** Opening Extracted information block **

lemma expectation_binomial_diff_pmf_abs_mixture:
  assumes p: "p \<in> {0..1}"
  shows "measure_pmf.expectation (binomial_diff_pmf n p) (\<lambda>z. \<bar>real_of_int z\<bar>) =
     measure_pmf.expectation (binomial_pmf n (4 * p * (1 - p)))
       (\<lambda>m. m * pochhammer (1/2) m / fact m)"
  using four_mult_mult_one_minus_in_unit[OF p]
  unfolding binomial_diff_pmf_mixture[OF p]
  by (subst expectation_bind_pmf_finite)
     (auto simp: finite_set_pmf_binomial_diff_pmf expectation_binomial_diff_pmf_half_abs)

lemma sqrt_mult_pochhammer_half_over_fact_tendsto:
  "(\<lambda>n. sqrt n * pochhammer (1/2) n / fact n) \<longlonglongrightarrow> 1 / sqrt pi"
proof -
  have "Gamma_series' (1/2) \<longlonglongrightarrow> sqrt pi"
    using Gamma_series'_LIMSEQ[of "1/2 :: real"] unfolding Gamma_one_half_real .
  then have "(\<lambda>n. inverse (Gamma_series' (1/2) n)) \<longlonglongrightarrow> 1 / sqrt pi"
    unfolding inverse_eq_divide[symmetric] by (rule tendsto_inverse) simp
  moreover have "eventually (\<lambda>n. inverse (Gamma_series' (1/2) n) =
                   sqrt n * pochhammer (1/2) n / fact n) sequentially"
    using eventually_gt_at_top[of 0]
  proof eventually_elim
    case (elim n)
    have "exp (1/2 * ln (real n)) = sqrt n"
      using elim by (simp add: powr_half_sqrt[symmetric] powr_def)
    then have "inverse (Gamma_series' (1/2) n) = pochhammer (1/2) n / (fact (n - 1) * sqrt n)"
      by (simp add: Gamma_series'_def)
    also have "\<dots> = sqrt n * pochhammer (1/2) n / (sqrt n * (sqrt n * fact (n - 1)))"
      using elim by (simp add: mult.commute)
    also have "sqrt n * (sqrt n * fact (n - 1)) = (fact n :: real)"
      using elim by (simp add: fact_reduce[of n] mult.assoc[symmetric])
    finally show ?case .
  qed
  ultimately show ?thesis
    by (rule Lim_transform_eventually)
qed

lemma expectation_sqrt_ratio_mult_tendsto_0:
  fixes M :: "nat \<Rightarrow> nat pmf" and u :: "nat \<Rightarrow> real"
  assumes u: "u \<longlonglongrightarrow> 0" and M: "\<And>r. set_pmf (M r) \<subseteq> {..r}"
  shows "(\<lambda>r. measure_pmf.expectation (M r) (\<lambda>n. sqrt (n / r) * u n)) \<longlonglongrightarrow> 0"
proof (rule tendstoI)
  fix e :: real assume e: "e > 0"
  obtain B where B: "\<And>n. \<bar>u n\<bar> \<le> B"
    using convergent_imp_Bseq[OF convergentI[OF u]] by (metis BseqE real_norm_def)
  obtain N where N: "\<And>n. n \<ge> N \<Longrightarrow> \<bar>u n\<bar> < e / 2"
    using LIMSEQ_D[OF u, of "e / 2"] e by auto
  \<comment> \<open>the finitely many exceptional values of \<open>u\<close> carry weight at most \<open>sqrt (N / r)\<close>\<close>
  have "(\<lambda>r. B * sqrt (N / r)) \<longlonglongrightarrow> B * sqrt 0"
    by (intro tendsto_intros)
  then have "eventually (\<lambda>r. B * sqrt (N / r) < e / 2) sequentially"
    using e by (intro order_tendstoD) auto
  then show "eventually (\<lambda>r. dist (measure_pmf.expectation (M r) (\<lambda>n. sqrt (n / r) * u n)) 0 < e)
               sequentially"
  proof eventually_elim
    case (elim r)
    have "\<bar>sqrt (n / r) * u n\<bar> \<le> e / 2 + B * sqrt (N / r)" if "n \<in> set_pmf (M r)" for n
    proof (cases "n \<ge> N")
      case True
      have "n \<le> r" using M[of r] that by auto
      then have "sqrt (n / r) \<le> 1" by (cases "r = 0") (simp_all add: field_simps)
      then have "\<bar>sqrt (n / r) * u n\<bar> \<le> 1 * (e / 2)"
        unfolding abs_mult using N[OF True] by (intro mult_mono) auto
      moreover have "0 \<le> B * sqrt (N / r)" using B[of 0] by simp
      ultimately show ?thesis by simp
    next
      case False
      have "\<bar>sqrt (n / r) * u n\<bar> \<le> sqrt (N / r) * B"
        using False B[of n] by (simp add: abs_mult mult_mono divide_right_mono)
      then show ?thesis using e by (simp add: mult.commute)
    qed
    then have "\<bar>measure_pmf.expectation (M r) (\<lambda>n. sqrt (n / r) * u n)\<bar> \<le> e / 2 + B * sqrt (N / r)"
      using M[of r] finite_subset
      by (intro abs_expectation_le_const_pmf integrable_measure_pmf_finite) auto
    then show ?case using elim by simp
  qed
qed

lemma abs_sqrt_diff_le:
  assumes a: "a \<ge> 0" and b: "b > 0"
  shows "\<bar>sqrt a - sqrt b\<bar> \<le> \<bar>a - b\<bar> / sqrt b"
proof -
  have "a - b = (sqrt a - sqrt b) * (sqrt a + sqrt b)"
    using a b by (simp add: algebra_simps)
  then have "\<bar>a - b\<bar> = \<bar>sqrt a - sqrt b\<bar> * (sqrt a + sqrt b)"
    using a b by (simp add: abs_mult)
  also have "\<dots> \<ge> \<bar>sqrt a - sqrt b\<bar> * sqrt b"
    using a by (intro mult_left_mono) auto
  finally show ?thesis using b by (simp add: field_simps)
qed

lemma abs_expectation_binomial_sqrt_ratio_le:
  assumes g: "0 < g" "g \<le> 1" and r: "r > 0"
  shows "\<bar>measure_pmf.expectation (binomial_pmf r g) (\<lambda>n. sqrt (n / r)) - sqrt g\<bar> \<le>
           sqrt ((1 - g) / r)"
proof -
  have g01: "g \<in> {0..1}" using g by auto
  let ?E = "measure_pmf.expectation (binomial_pmf r g)"
  have "\<bar>?E (\<lambda>n. sqrt (n / r)) - sqrt g\<bar> = \<bar>?E (\<lambda>n. sqrt (n / r) - sqrt g)\<bar>"
    using g01 by simp
  also have "\<dots> \<le> ?E (\<lambda>n. \<bar>sqrt (n / r) - sqrt g\<bar>)"
    by (rule integral_abs_bound)
  also have "\<dots> \<le> ?E (\<lambda>n. \<bar>real n - r * g\<bar> / (r * sqrt g))"
  proof (rule integral_mono)
    fix n :: nat
    have "\<bar>sqrt (n / r) - sqrt g\<bar> \<le> \<bar>n / r - g\<bar> / sqrt g"
      using g by (intro abs_sqrt_diff_le) auto
    also have "\<dots> = \<bar>real n - r * g\<bar> / (r * sqrt g)"
      using r by (simp add: field_simps abs_div)
    finally show "\<bar>sqrt (n / r) - sqrt g\<bar> \<le> \<bar>real n - r * g\<bar> / (r * sqrt g)" .
  qed (use g01 in auto)
  also have "\<dots> = ?E (\<lambda>n. \<bar>real n - r * g\<bar>) / (r * sqrt g)"
    by simp
  also have "\<dots> \<le> sqrt (?E (\<lambda>n. (real n - r * g)\<^sup>2)) / (r * sqrt g)"
    using g01 by (intro divide_right_mono measure_pmf.expectation_abs_le_sqrt_expectation_square) auto
  also have "\<dots> = sqrt (r * g * (1 - g)) / (r * sqrt g)"
    unfolding expectation_binomial_pmf_square_deviation[OF g01] ..
  also have "\<dots> = sqrt r * sqrt (1 - g) / (sqrt r * sqrt r)"
    using g by (simp add: real_sqrt_mult)
  also have "\<dots> = sqrt (1 - g) / sqrt r"
    by (rule nonzero_mult_divide_mult_cancel_left) (use r in simp)
  also have "\<dots> = sqrt ((1 - g) / r)"
    by (simp add: real_sqrt_divide)
  finally show ?thesis .
qed

lemma expectation_binomial_sqrt_ratio_tendsto:
  assumes g: "0 < g" "g \<le> 1"
  shows "(\<lambda>r. measure_pmf.expectation (binomial_pmf r g) (\<lambda>n. sqrt (n / r))) \<longlonglongrightarrow> sqrt g"
proof -
  have "(\<lambda>r. measure_pmf.expectation (binomial_pmf r g) (\<lambda>n. sqrt (n / r)) - sqrt g) \<longlonglongrightarrow> 0"
  proof (rule Lim_null_comparison)
    show "(\<lambda>r. sqrt ((1 - g) / r)) \<longlonglongrightarrow> 0"
      using tendsto_real_sqrt[OF lim_const_over_n[of "1 - g"]] by simp
    show "eventually (\<lambda>r. norm (measure_pmf.expectation (binomial_pmf r g) (\<lambda>n. sqrt (n / r)) - sqrt g)
            \<le> sqrt ((1 - g) / r)) sequentially"
      using eventually_gt_at_top[of 0]
      by eventually_elim (simp add: abs_expectation_binomial_sqrt_ratio_le[OF g])
  qed
  then show ?thesis by (rule LIM_zero_cancel)
qed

** Closing Extracted information block **

Your instructions:
From the line that contains "(\<lambda>r. norm (measure_pmf.expectation" through the last line of the records above, copy every line exactly and leave out the rest.

Written solution:
    show "eventually (\<lambda>r. norm (measure_pmf.expectation (binomial_pmf r g) (\<lambda>n. sqrt (n / r)) - sqrt g)
            \<le> sqrt ((1 - g) / r)) sequentially"
      using eventually_gt_at_top[of 0]
      by eventually_elim (simp add: abs_expectation_binomial_sqrt_ratio_le[OF g])
  qed
  then show ?thesis by (rule LIM_zero_cancel)
qed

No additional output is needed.